Thanks for this - you've summarized in a really clear way some of the things I've been trying to understand and adopt. I especially agree with the points about trying not to pay too much attention to the "Something absolutely awful is happening here" panicky feeling. I've learned that, although I feel wretched, I'm not having a heart attack or stroke or anything life-threatening. I also agree with the point about exposure - I HATE HATE HATE going to the grocery store (too much stimulation by way of sound and fluorescent lights and navigating through people with carts) but it's not as bad if I do it regularly. (However, I will say that the thing that has made me even remotely able to function was the very low doses of antihistamines I've been taking for the past year or so - prior to that, I could barely walk out to the car, let alone push a cart through a grocery store.) thanks again for this - very inspiring.

Futurehope, please do keep us posted on your visit! I'm another person who suspects there may be some MCAD connection with my symptoms - when I heard the description of mild anaphylaxis, I thought "that's me..." Plus, in the past year or so, taking acrivastine (Benadryl allergy) during the day and diphenhydramine (the old Benadryl) at night has really, really helped (just today, my husband looked oddly at me and said "you're being productive -?" because I was out in the garden raking). I still have utterly intractable fatigue, and can only do about 1/2 of what a "normal" person can - but still, the anti-histamines have given me some improvement for the first time in years. Good luck with your appt.!!!

I didn't bother with organic or "health" food in the past, thinking it was an overhyped way to sell food at higher prices. However, two things have influenced my choices: first, I agree with Bunny's post. The more I learn about processed food and big food manufacturers, the more I want to eat things that are as unprocessed as possible (not so easy for someone who hates cooking!). Second, I'm not a vegetarian. I really don't want to open the vegetarian/non-vegetarian can of worms here but I have learned about factory farming methods - I would like to know that if animals are being raised/killed for my consumption, that they've had relatively decent lives (yes, I know that free range, etc. is misleading, but it's better than some farm practices), AND given my health problems, I really don't want to eat an animal that's spent its entire life being injected with growth hormones and antibiotics and wallowing in filth!!! I hope that's not controversial; I don't mean for it to be.
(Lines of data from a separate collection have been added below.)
definition lip_const :: "real \<Rightarrow> ((real \<Rightarrow> 'h::real_inner) \<Rightarrow> ((real \<Rightarrow> 'h) \<Rightarrow> real)) \<Rightarrow> real" where
  "lip_const \<rho> F = Inf {L. L \<ge> 0 \<and> lip_bound \<rho> F L}"

end

theory Submission
  imports Defs
begin

text \<open>Only one half of the unitarity of \<open>\<partial>\<^sub>0\<^sub>,\<^sub>\<rho>\<close> is needed:
  \<open>|w|\<^sub>\<rho>\<^sub>,\<^sub>0 \<le> |\<partial>\<^sub>0\<^sub>,\<^sub>\<rho> w|\<^sub>\<rho>\<^sub>,\<^sub>-\<^sub>1\<close> for \<open>w = u - v\<close>. It is obtained by testing
  \<open>\<partial>\<^sub>0\<^sub>,\<^sub>\<rho> w\<close> against functions \<open>\<psi> \<in> H\<^sub>-\<^sub>\<rho>\<^sub>,\<^sub>1\<close> whose derivative approximates
  \<open>exp (-2 \<rho> t) w(t)\<close>. Taking that derivative to be a weighted simple function of compact
  support, \<open>\<psi>\<close> is a finite sum of real primitives times fixed vectors, so no vector-valued
  integration in the (possibly non-separable) space \<open>H\<close> is needed; strong measurability of \<open>w\<close>
  makes such approximations possible.

  Writing \<open>F u - G v\<close> once as \<open>(F u - F v) + (F v - G v)\<close> and once as
  \<open>(F u - G u) + (G u - G v)\<close> and averaging gives
  \<open>|u - v| \<le> (|F|\<^sub>L\<^sub>i\<^sub>p + |G|\<^sub>L\<^sub>i\<^sub>p)/2 |u - v| + sup\<^sub>x |F x - G x|\<^sub>\<rho>\<^sub>,\<^sub>-\<^sub>1\<close>,
  which rearranges to the claim.\<close>

lemma borel_measurable_comb_simple_function:
  fixes f :: "'a \<Rightarrow> 'b::topological_space" and s :: "'a \<Rightarrow> 'c"
    and H :: "'b \<Rightarrow> 'c \<Rightarrow> 'd::topological_space"
  assumes f: "f \<in> borel_measurable M" and s: "simple_function M s"
    and H: "\<And>v. continuous_on UNIV (\<lambda>x. H x v)"
  shows "(\<lambda>t. H (f t) (s t)) \<in> borel_measurable M"
proof (rule borel_measurableI)
  fix S :: "'d set" assume S: "open S"
  have eq: "(\<lambda>t. H (f t) (s t)) -` S \<inter> space M =
     (\<Union>v\<in>s ` space M. (s -` {v} \<inter> space M) \<inter> ((\<lambda>t. H (f t) v) -` S \<inter> space M))"
    by auto
  have "(\<lambda>t. H (f t) v) -` S \<inter> space M \<in> sets M" for v
    using S borel_measurable_continuous_on[OF H f] by (simp add: measurable_sets)
  then show "(\<lambda>t. H (f t) (s t)) -` S \<inter> space M \<in> sets M"
    unfolding eq using simple_functionD[OF s] by (intro sets.finite_UN) auto
qed

lemma integrable_bounded_compact_support:
  fixes g :: "real \<Rightarrow> real"
  assumes g: "g \<in> borel_measurable lborel" and B: "\<And>t. \<bar>g t\<bar> \<le> B"
    and n: "\<And>t. \<bar>t\<bar> > n \<Longrightarrow> g t = 0"
  shows "integrable lborel g"
proof (rule Bochner_Integration.integrable_bound)
  show "integrable lborel (\<lambda>x. indicator {-n..n} x *\<^sub>R B)"
    by (intro integrable_indicator) (auto simp: emeasure_lborel_Icc_eq)
  show "AE x in lborel. norm (g x) \<le> norm (indicator {-n..n} x *\<^sub>R B)"
  proof (rule AE_I2)
    show "norm (g x) \<le> norm (indicator {-n..n} x *\<^sub>R B)" for x
      using B[of x] n[of x] by (cases "x \<in> {-n..n}") (auto simp: abs_le_iff)
  qed
qed (rule g)

lemma integrable_indicator_atMost_exp:
  fixes a c :: real
  assumes "c > 0"
  shows "integrable lborel (\<lambda>x. indicator {..a} x * exp (c * x))"
proof -
  have "(\<lambda>x. exp (- c * x)) absolutely_integrable_on {-a..}"
    using integrable_on_exp_minus_to_infinity[OF assms, of "-a"]
    by (intro nonnegative_absolutely_integrable_1) auto
  then have "integrable lborel (\<lambda>x. indicator {-a..} x * exp (- c * x))"
    by (simp add: set_integrable_def integrable_completion)
  also have "(\<lambda>x. indicator {-a..} x * exp (- c * x)) = (\<lambda>x. (\<lambda>y. indicator {..a} y * exp (c * y)) (0 + (-1) * x))"
    by (simp add: fun_eq_iff indicator_def minus_le_iff)
  finally show ?thesis
    using lborel_integrable_real_affine_iff[of "-1" "\<lambda>y. indicator {..a} y * exp (c * y)" 0] by simp
qed
lemma exists_slope_between: "\<exists>s. \<forall>x\<ge>x0. \<alpha> x \<le> shot s x \<and> shot s x \<le> \<beta> x"
proof -
  obtain s where s: "\<And>n. s \<in> slopes_between (x0 + 1 + real n)"
    using bounded_closed_nest[of "\<lambda>n. slopes_between (x0 + 1 + real n)"]
      slopes_between_nonempty closed_slopes_between bounded_slopes_between
    by (force simp: slopes_between_def)
  have "\<alpha> x \<le> shot s x \<and> shot s x \<le> \<beta> x" if "x0 \<le> x" for x
  proof -
    obtain n :: nat where "x - x0 \<le> real n" using real_arch_simple by blast
    then show ?thesis using s[of n] that by (auto simp: slopes_between_def)
  qed
  then show ?thesis by blast
qed

lemma solution_strictly_between:
  assumes sol: "solution_on_halfline f x0 \<phi> \<phi>'"
    and between: "\<And>x. x0 \<le> x \<Longrightarrow> \<alpha> x \<le> \<phi> x \<and> \<phi> x \<le> \<beta> x" and "x0 < x"
  shows "\<alpha> x < \<phi> x \<and> \<phi> x < \<beta> x"
proof (intro conjI; rule ccontr)
  note \<phi> = sol[unfolded solution_on_halfline_def, rule_format]
  assume "\<not> \<alpha> x < \<phi> x"
  then have "\<phi> x = \<alpha> x" using between[of x] \<open>x0 < x\<close> by auto
  show False
  proof (rule halfline_no_interior_max_deriv2_pos[OF \<open>x0 < x\<close>, of "\<lambda>t. \<alpha> t - \<phi> t"])
    show "((\<lambda>t. \<alpha> t - \<phi> t) has_real_derivative \<alpha>' y - \<phi>' y) (at y within {x0..})" if "x0 \<le> y" for y
      using \<alpha> \<phi> that by (auto intro!: derivative_intros)
    show "((\<lambda>t. \<alpha>' t - \<phi>' t) has_real_derivative \<alpha>'' x - f x (\<phi> x)) (at x within {x0..})"
      using \<alpha>' \<phi> \<open>x0 < x\<close> by (auto intro!: derivative_intros)
  qed (use between \<open>\<phi> x = \<alpha> x\<close> lower_solution \<open>x0 < x\<close> in auto)
next
  note \<phi> = sol[unfolded solution_on_halfline_def, rule_format]
  assume "\<not> \<phi> x < \<beta> x"
  then have "\<phi> x = \<beta> x" using between[of x] \<open>x0 < x\<close> by auto
  show False
  proof (rule halfline_no_interior_max_deriv2_pos[OF \<open>x0 < x\<close>, of "\<lambda>t. \<phi> t - \<beta> t"])
    show "((\<lambda>t. \<phi> t - \<beta> t) has_real_derivative \<phi>' y - \<beta>' y) (at y within {x0..})" if "x0 \<le> y" for y
      using \<beta> \<phi> that by (auto intro!: derivative_intros)
    show "((\<lambda>t. \<phi>' t - \<beta>' t) has_real_derivative f x (\<phi> x) - \<beta>'' x) (at x within {x0..})"
      using \<beta>' \<phi> \<open>x0 < x\<close> by (auto intro!: derivative_intros)
  qed (use between \<open>\<phi> x = \<beta> x\<close> upper_solution \<open>x0 < x\<close> in auto)
qed

theorem exists_solution_between:
  obtains \<phi> \<phi>' where "solution_on_halfline f x0 \<phi> \<phi>'"
    "\<And>x. x0 \<le> x \<Longrightarrow> \<alpha> x \<le> \<phi> x \<and> \<phi> x \<le> \<beta> x" "\<And>x. x0 < x \<Longrightarrow> \<alpha> x < \<phi> x \<and> \<phi> x < \<beta> x"
proof -
  obtain s where between: "\<And>x. x0 \<le> x \<Longrightarrow> \<alpha> x \<le> shot s x \<and> shot s x \<le> \<beta> x"
    using exists_slope_between by blast
  then have sol: "solution_on_halfline f x0 (shot s) (shot' s)"
    using modified.has_real_derivative_ivp_sol modified.has_real_derivative_ivp_sol'[of _ "\<alpha> x0" s] F_eq
    by (auto simp: solution_on_halfline_def)
  show ?thesis by (rule that[OF sol between solution_strictly_between[OF sol between]])
qed

end

section \<open>Convergence to a periodic solution\<close>

definition solves_at :: "(real \<Rightarrow> real \<Rightarrow> real) \<Rightarrow> (real \<Rightarrow> real) \<Rightarrow> (real \<Rightarrow> real) \<Rightarrow> real \<Rightarrow> bool" where
  "solves_at f u u' t \<longleftrightarrow> (u has_real_derivative u' t) (at t) \<and> (u' has_real_derivative f t (u t)) (at t)"

lemma solution_on_halfline_solves_at:
  assumes "solution_on_halfline f x0 \<phi> \<phi>'" "x0 < t"
  shows "solves_at f \<phi> \<phi>' t"
  using assms(1)[unfolded solution_on_halfline_def, rule_format, of t] assms(2)
  by (simp add: solves_at_def at_within_halfline)

lemma solution_on_real_solves_at: "solution_on_real f \<psi> \<Longrightarrow> solves_at f \<psi> (deriv \<psi>) t"
  by (simp add: solution_on_real_def solves_at_def DERIV_deriv_iff_real_differentiable)
lemma LIMSEQ_ex_close_and_closer:
  fixes s :: "nat \<Rightarrow> real"
  assumes "s \<longlonglongrightarrow> x" "\<And>n. s n \<noteq> x" "0 < \<epsilon>1" "0 < \<epsilon>2"
  shows "\<exists>n m. \<bar>s n - x\<bar> < \<epsilon>1 \<and> \<bar>s m - x\<bar> < \<epsilon>2 * \<bar>s n - x\<bar>"
proof -
  have close: "\<exists>n. \<bar>s n - x\<bar> < r" if "0 < r" for r
    using assms(1) that unfolding LIMSEQ_iff by fastforce
  obtain n where n: "\<bar>s n - x\<bar> < \<epsilon>1" using close[OF assms(3)] ..
  have "0 < \<epsilon>2 * \<bar>s n - x\<bar>" using assms(2)[of n] assms(4) by simp
  then obtain m where "\<bar>s m - x\<bar> < \<epsilon>2 * \<bar>s n - x\<bar>" using close by blast
  then show ?thesis using n by blast
qed

locale antiferro_system = positive_spin_system +
  assumes beta_gamma_lt_1: "\<beta> * \<gamma> < 1"
begin

lemma field_map_denom_pos: "0 < z \<Longrightarrow> 0 < \<beta> + lam * z"
  using beta_nonneg lam_pos by (simp add: add_nonneg_pos)

lemma field_map_numer_pos: "0 < z \<Longrightarrow> 0 < 1 + \<gamma> * lam * z"
  using gamma_nonneg lam_pos by (simp add: add_pos_nonneg)

lemma field_map_diff:
  "0 < a \<Longrightarrow> 0 < b \<Longrightarrow>
    field_map a - field_map b = lam * (b - a) * (1 - \<beta> * \<gamma>) / ((\<beta> + lam * a) * (\<beta> + lam * b))"
  using field_map_denom_pos[of a] field_map_denom_pos[of b] unfolding field_map_def by (simp add: field_simps)

lemma field_map_strict_antimono: "0 < a \<Longrightarrow> a < b \<Longrightarrow> field_map b < field_map a"
proof -
  assume "0 < a" "a < b"
  then have "0 < lam * (b - a) * (1 - \<beta> * \<gamma>) / ((\<beta> + lam * a) * (\<beta> + lam * b))"
    using field_map_denom_pos[of a] field_map_denom_pos[of b] lam_pos beta_gamma_lt_1 by simp
  then show ?thesis using field_map_diff[of a b] \<open>0 < a\<close> \<open>a < b\<close> by simp
qed

lemma field_map_antimono: "0 < a \<Longrightarrow> a \<le> b \<Longrightarrow> field_map b \<le> field_map a"
  using field_map_strict_antimono by (cases "a = b") (auto simp: less_eq_real_def)

lemma field_map_inj: "0 < a \<Longrightarrow> 0 < b \<Longrightarrow> field_map a = field_map b \<Longrightarrow> a = b"
  using field_map_strict_antimono by (metis linorder_neq_iff)

lemma field_map_ge_gamma: "\<beta> = 0 \<Longrightarrow> 0 < z \<Longrightarrow> \<gamma> \<le> field_map z"
proof -
  assume "\<beta> = 0" "0 < z"
  then have "field_map z = \<gamma> + 1 / (lam * z)" using lam_pos unfolding field_map_def by (simp add: field_simps)
  then show ?thesis using \<open>0 < z\<close> lam_pos by simp
qed

lemma field_map_le_inverse_beta: "\<gamma> = 0 \<Longrightarrow> 0 < z \<Longrightarrow> field_map z \<le> 1 / \<beta>"
proof -
  assume "\<gamma> = 0" "0 < z"
  then have "0 < \<beta>" using not_both_zero beta_nonneg by auto
  have "field_map z = 1 / (\<beta> + lam * z)" using \<open>\<gamma> = 0\<close> unfolding field_map_def by simp
  also have "\<dots> \<le> 1 / \<beta>"
    using \<open>0 < z\<close> \<open>0 < \<beta>\<close> lam_pos field_map_denom_pos[of z] by (intro divide_left_mono) simp_all
  finally show ?thesis .
qed

text \<open>The bounds satisfied by every product \<open>field_map a * field_map b\<close>; they keep \<open>log_slope\<close>
  uniformly below 1 also when \<open>\<beta> = 0\<close> or \<open>\<gamma> = 0\<close>.\<close>

definition admissible :: "real \<Rightarrow> bool" where
  "admissible y \<longleftrightarrow> 0 < y \<and> (\<beta> = 0 \<longrightarrow> \<gamma>\<^sup>2 \<le> y) \<and> (\<gamma> = 0 \<longrightarrow> y \<le> 1 / \<beta>\<^sup>2)"

lemma admissible_field_map_mult: "0 < a \<Longrightarrow> 0 < b \<Longrightarrow> admissible (field_map a * field_map b)"
proof -
  assume "0 < a" "0 < b"
  then have pos: "0 < field_map a" "0 < field_map b" using field_map_pos by auto
  have "\<gamma>\<^sup>2 \<le> field_map a * field_map b" if "\<beta> = 0"
    using field_map_ge_gamma[OF that \<open>0 < a\<close>] field_map_ge_gamma[OF that \<open>0 < b\<close>] gamma_nonneg
    by (simp add: power2_eq_square mult_mono)
  moreover have "field_map a * field_map b \<le> 1 / \<beta>\<^sup>2" if "\<gamma> = 0"
  proof -
    have "field_map a * field_map b \<le> (1 / \<beta>) * (1 / \<beta>)"
      using field_map_le_inverse_beta[OF that \<open>0 < a\<close>] field_map_le_inverse_beta[OF that \<open>0 < b\<close>]
        pos beta_nonneg by (intro mult_mono) auto
    then show ?thesis by (simp add: power2_eq_square)
  qed
  ultimately show ?thesis using pos by (simp add: admissible_def)
qed

lemma admissible_between: "admissible y1 \<Longrightarrow> admissible y2 \<Longrightarrow> y1 \<le> y \<Longrightarrow> y \<le> y2 \<Longrightarrow> admissible y"
  unfolding admissible_def by auto

definition log_slope :: "real \<Rightarrow> real" where
  "log_slope y = lam * y * (1 - \<beta> * \<gamma>) / ((\<beta> + lam * y) * (1 + \<gamma> * lam * y))"
(* Let $n=n(\theta)$ be positive integers with $n\to\infty$ and $\theta/n\to0$ as $\theta\to\infty$. Let $K_n(\theta)$ be a random variable with $P\{K_n(\theta)=k\}=|S_n^k|\theta^k/\theta_{(n)}$, $k=1,\dots,n$, where $\theta_{(n)}=\theta(\theta+1)\cdots(\theta+n-1)$ and $|S_n^k|$ is the coefficient of $\theta^k$ in $\theta_{(n)}$. Then, as $\theta\to\infty$, the family of laws of $K_n(\theta)/(\theta\log\frac n\theta)$ satisfies an LDP on $[0,+\infty)$ with speed $\theta\log\frac n\theta$ and rate function $I(x)=x\log x-x+1$ (with $0\log0=0$).
   Context: $K_n(\theta)$ is the number of distinct alleles in a sample of size $n$ from a $PD(\theta)$ population. An LDP with speed $a(\theta)$ uses normalization $a(\theta)^{-1}\log$ as $\theta\to\infty$. *)

theory Defs
  imports "HOL-Analysis.Analysis" "HOL-Combinatorics.Stirling"
begin

text \<open>Law of K_n(theta): P(K = k) = |S_n^k| theta^k / theta_(n), k = 1..n,
  where |S_n^k| = stirling n k (unsigned Stirling numbers of the first kind,
  the coefficient of theta^k in the rising factorial pochhammer theta n).\<close>
definition Kprob :: "real \<Rightarrow> nat \<Rightarrow> nat \<Rightarrow> real" where
  "Kprob \<theta> n k = real (stirling n k) * \<theta> ^ k / pochhammer \<theta> n"

definition Kscaled_prob :: "real \<Rightarrow> nat \<Rightarrow> real \<Rightarrow> real set \<Rightarrow> real" where
  "Kscaled_prob \<theta> n c A = (\<Sum>k\<in>{k\<in>{1..n}. real k / c \<in> A}. Kprob \<theta> n k)"

definition nlog :: "real \<Rightarrow> real \<Rightarrow> ereal" where
  "nlog a p = (if p \<le> 0 then - \<infinity> else ereal (ln p / a))"

definition LDP_at_top ::
  "(real \<Rightarrow> real set \<Rightarrow> real) \<Rightarrow> (real \<Rightarrow> real) \<Rightarrow> (real \<Rightarrow> real) \<Rightarrow> real set \<Rightarrow> bool" where
  "LDP_at_top P a I E \<longleftrightarrow>
     (\<forall>x\<in>E. 0 \<le> I x) \<and>
     (\<forall>c. closedin (top_of_set E) {x\<in>E. I x \<le> c}) \<and>
     (\<forall>F. closedin (top_of_set E) F \<longrightarrow>
        Limsup at_top (\<lambda>\<theta>. nlog (a \<theta>) (P \<theta> F)) \<le> - (INF x\<in>F. ereal (I x))) \<and>
     (\<forall>G. openin (top_of_set E) G \<longrightarrow>
        - (INF x\<in>G. ereal (I x)) \<le> Liminf at_top (\<lambda>\<theta>. nlog (a \<theta>) (P \<theta> G)))"

definition rateI :: "real \<Rightarrow> real" where
  "rateI x = (if x = 0 then 1 else x * ln x - x + 1)"

end

theory Submission
  imports Defs "HOL-Real_Asymp.Real_Asymp"
begin

text \<open>
  Everything is controlled by the generating function
  E c^K = (c\<theta>)_(n) / \<theta>_(n) = \<Prod>i<n. (1 + (c - 1) \<theta>/(\<theta> + i)).
  Its logarithm is (c - 1) m(\<theta>) up to an error of order \<Sum>i<n. (\<theta>/(\<theta> + i))^2 = O(\<theta>),
  where m(\<theta>) = \<Sum>i<n. \<theta>/(\<theta> + i) is the mean of K, and m(c\<theta>) \<sim> c \<theta> log(n/\<theta>) = c a(\<theta>)
  when \<theta>/n \<rightarrow> 0. Chernoff's bound with c = x therefore gives
  P(K \<ge> x a) \<le> exp(-a (I(x) + o(1))) for x \<ge> 1, and the same for P(K \<le> x a) when x \<le> 1.
  A closed set is covered by the two tails starting at its points nearest to 1, which gives the
  upper bound. For the lower bound, tilting by x^K turns the law with parameter \<theta> into the one
  with parameter x\<theta>, under which K/a concentrates at x by the same Chernoff bounds; on a small
  window around x the density of the original law with respect to the tilted one is
  exp(-a (I(x) + o(1))).
\<close>

section \<open>The law of the number of alleles\<close>

lemma sum_stirling_power:
  assumes "n > 0"
  shows "(\<Sum>k\<in>{1..n}. real (stirling n k) * y ^ k) = pochhammer (y::real) n"
proof -
  have "{..n} = insert 0 {1..n}" by auto
  then show ?thesis using stirling_pochhammer[of n y] assms by simp
qed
I do respect others' choices; just wanted to say how I make my own about what I eat.

This is all so familiar - I am so utterly useless in the mornings. I wake up early-ish (btwn 6 -8 am), too, but I've learned that I do much better just lying in bed until about 11 am. Most times I can fall back asleep and then I'll do much better that day. I just can't sleep at night - sometimes it's because of pain, sometimes anxiety, sometimes both -no matter how tired I am during the day. I have found that Benadryl (the old kind - diphenhydramine) in very low doses works - even if it doesn't make me sleep, I seem to "rest" better. Wish someone could solve this! I have a part time job where they let me come in at 1pm. I'm sure there's a lot of raised eyebrows about the fact that I waft in that late, but so what -- at least it means I can work a bit. Just wish I could sleep at night so that I could work a full day.

Thanks Dani - I agree, it's a vicious cycle. I just haven't figured out a way to function (even at the most basic level) without the adrenaline.

I have terrible concentration problems - I often wonder if they correspond to times when there isn't enough blood and therefore oxygen in my brain(?) If I'm "wound up" b/c I'm anxious about getting something done, I can concentrate quite well, but only for a limited time, and afterwards I feel very depleted. It's almost like the only way I can achieve anything is if I'm in a state of heightened anxiety --- but then the anxiety and activity takes its toll and I'm worse off than before.